By default, the TLM is set to the “medium” quality preset. The default model used is “gpt-3.5-turbo-16k”, and max_tokens is 512 for all quality presets. You can set custom values for these arguments regardless of the quality preset specified.

Args:

  • model (str, default = “gpt-3.5-turbo-16k”): underlying LLM to use (better models will yield better results). Models currently supported include “gpt-3.5-turbo-16k”, “gpt-4”.
  • max_tokens (int, default = 512): the maximum number of tokens to generate in the TLM response. This number will impact the maximum number of tokens you will see in the output response, and also the number of tokens that can be generated internally within the TLM (to estimate the trustworthiness score). Higher values here can produce better (more reliable) TLM responses and trustworthiness scores, but at higher costs/runtimes. If you are experiencing token limit errors while using the TLM (especially on higher quality presets), consider lowering this number. This parameter must be between 64 and 512.
  • num_candidate_responses (int, default = 1): how many alternative candidate responses are internally generated by TLM. TLM scores the trustworthiness of each candidate response, and then returns the most trustworthy one. Higher values here can produce better (more accurate) responses from the TLM, but at higher costs/runtimes (and internally consumes more tokens). This parameter must be between 1 and 20. When it is 1, TLM simply returns a standard LLM response and does not attempt to improve it.
  • num_consistency_samples (int, default = 8): the amount of internal sampling to evaluate LLM-response-consistency. This consistency forms a big part of the returned trustworthiness score, helping quantify the epistemic uncertainty associated with strange prompts or prompts that are too vague/open-ended to receive a clearly defined ‘good’ response. Higher values here produce better (more reliable) TLM trustworthiness scores, but at higher costs/runtimes. This parameter must be between 0 and 20.

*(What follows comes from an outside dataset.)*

(* Let $\varepsilon>0$ and let $f(x,t,n,p,q,r)$ be a continuous real function. Consider, for $t_0\ge0$, the problem $$-\varepsilon u_{xxt}+u_{tt}-u_{xx}=f(x,t,u,u_x,u_{xx},u_t),\quad x\in(0,1),\ t>t_0,\qquad u(0,t)=u(1,t)=0,$$ with $u(x,t_0)=u_0(x)$, $u_t(x,t_0)=u_1(x)$, where $u_0(0)=u_0(1)=u_1(0)=u_1(1)=0$. Assume that for every $t\ge0$ and every $(\varphi,\psi)\in\Gamma$ $$\Big(\frac{\varepsilon}{2}+\frac{2}{\varepsilon}\Big)\int_0^1 f(x,t,\varphi,\varphi_x,\varphi_{xx},\psi)^2dx\le g(t)\,c_1^2\,d^2(\varphi,\psi)+\tilde g_1\big(t,d^2(\varphi,\psi)\big)+\tilde g_2\big(t,d^2(\varphi,\psi)\big),$$ where $g:[0,\infty)\to[0,\infty)$ and $\tilde g_1,\tilde g_2:[0,\infty)\times(0,\infty)\to[0,\infty)$ are continuous functions, each $\tilde g_i$ non-decreasing in its second argument, such that: (i) there is $\sigma>0$ with $\int_{t_0}^t g(\tau)\,d\tau-p(t-t_0)\le\sigma$ for all $t\ge t_0\ge 0$; (ii) there are constants $\chi\in[0,1]$, $\kappa\in[0,1]$, $q\ge 0$ (with $q<p$ if $\chi=1$) and $M>0$ such that $\left|\frac{\int_0^t g(\tau)d\tau}{1+t^{\chi}}-q\right|<\frac{M}{1+t^{\kappa}}$ for all $t\ge0$; (iii) for every $\eta>0$, $\lim_{t\to+\infty}\tilde g_1(t,\eta)e^{\xi(t^{\chi}-t^{\kappa})}=0$ and $\int_0^\infty \tilde g_2(\tau,\eta)e^{\xi(\tau^{\chi}-\tau^{\kappa})}d\tau<+\infty$, where $\xi$ is some positive constant if $\chi>\kappa$ and $\xi=0$ if $\chi\le\kappa$. Then the solutions of this problem are eventually uniformly bounded, and the origin is eventually quasi-uniform-asymptotically stable in the large, both with respect to the distance $d$.
   Context: $\omega_1:=\frac{\pi^4}{1+\pi^4}$, $\omega_2:=\frac{\pi^4}{1+\pi^2+\pi^4}$, $c_1^2:=\min\{\varepsilon^2\omega_1/8,1/4\}$, $c_2^2:=\max\{\varepsilon(1+\varepsilon)/2,(2+\varepsilon)/2\}$, $c_3^2:=\frac{\omega_2}{2}\varepsilon$, $p:=c_3^2/c_2^2$. $\Gamma:=\{(\varphi,\psi):\varphi\in C^2([0,1]),\ \psi\in C([0,1]),\ \varphi(0)=\varphi(1)=\psi(0)=\psi(1)=0\}$ and $d^2(\varphi,\psi):=\int_0^1(\varphi^2+\varphi_x^2+\varphi_{xx}^2+\psi^2)dx$; for a solution $u$ write $d(t):=d(u(\cdot,t),u_t(\cdot,t))$ (solutions are considered as defined for all $t\ge t_0$). Eventually uniformly bounded: for every $\alpha>0$ there exist $s(\alpha)\ge0$ and $\beta(\alpha)>0$ such that $t_0\ge s(\alpha)$ and $d(u_0,u_1)\le\alpha$ imply $d(t)<\beta(\alpha)$ for all $t\ge t_0$. Origin eventually quasi-uniform-asymptotically stable in the large: for every $\rho,\alpha>0$ there exist $s(\alpha)\ge0$ and $\hat T(\rho,\alpha)>0$ such that $d(u_0,u_1)\le\alpha$ and $t_0\ge s(\alpha)$ imply $d(t)<\rho$ for all $t\ge t_0+\hat T$. *)

theory Defs
  imports "HOL-Analysis.Analysis"
begin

  • use_self_reflection (bool, default = True): whether the LLM is asked to self-reflect upon the response it generated and self-evaluate this response. This self-reflection forms a big part of the trustworthiness score, helping quantify aleatoric uncertainty associated with challenging prompts and helping catch answers that are obviously incorrect/bad for a prompt asking for a well-defined answer that LLMs should be able to handle. Setting this to False disables the use of self-reflection and may produce worse TLM trustworthiness scores, but will reduce costs/runtimes.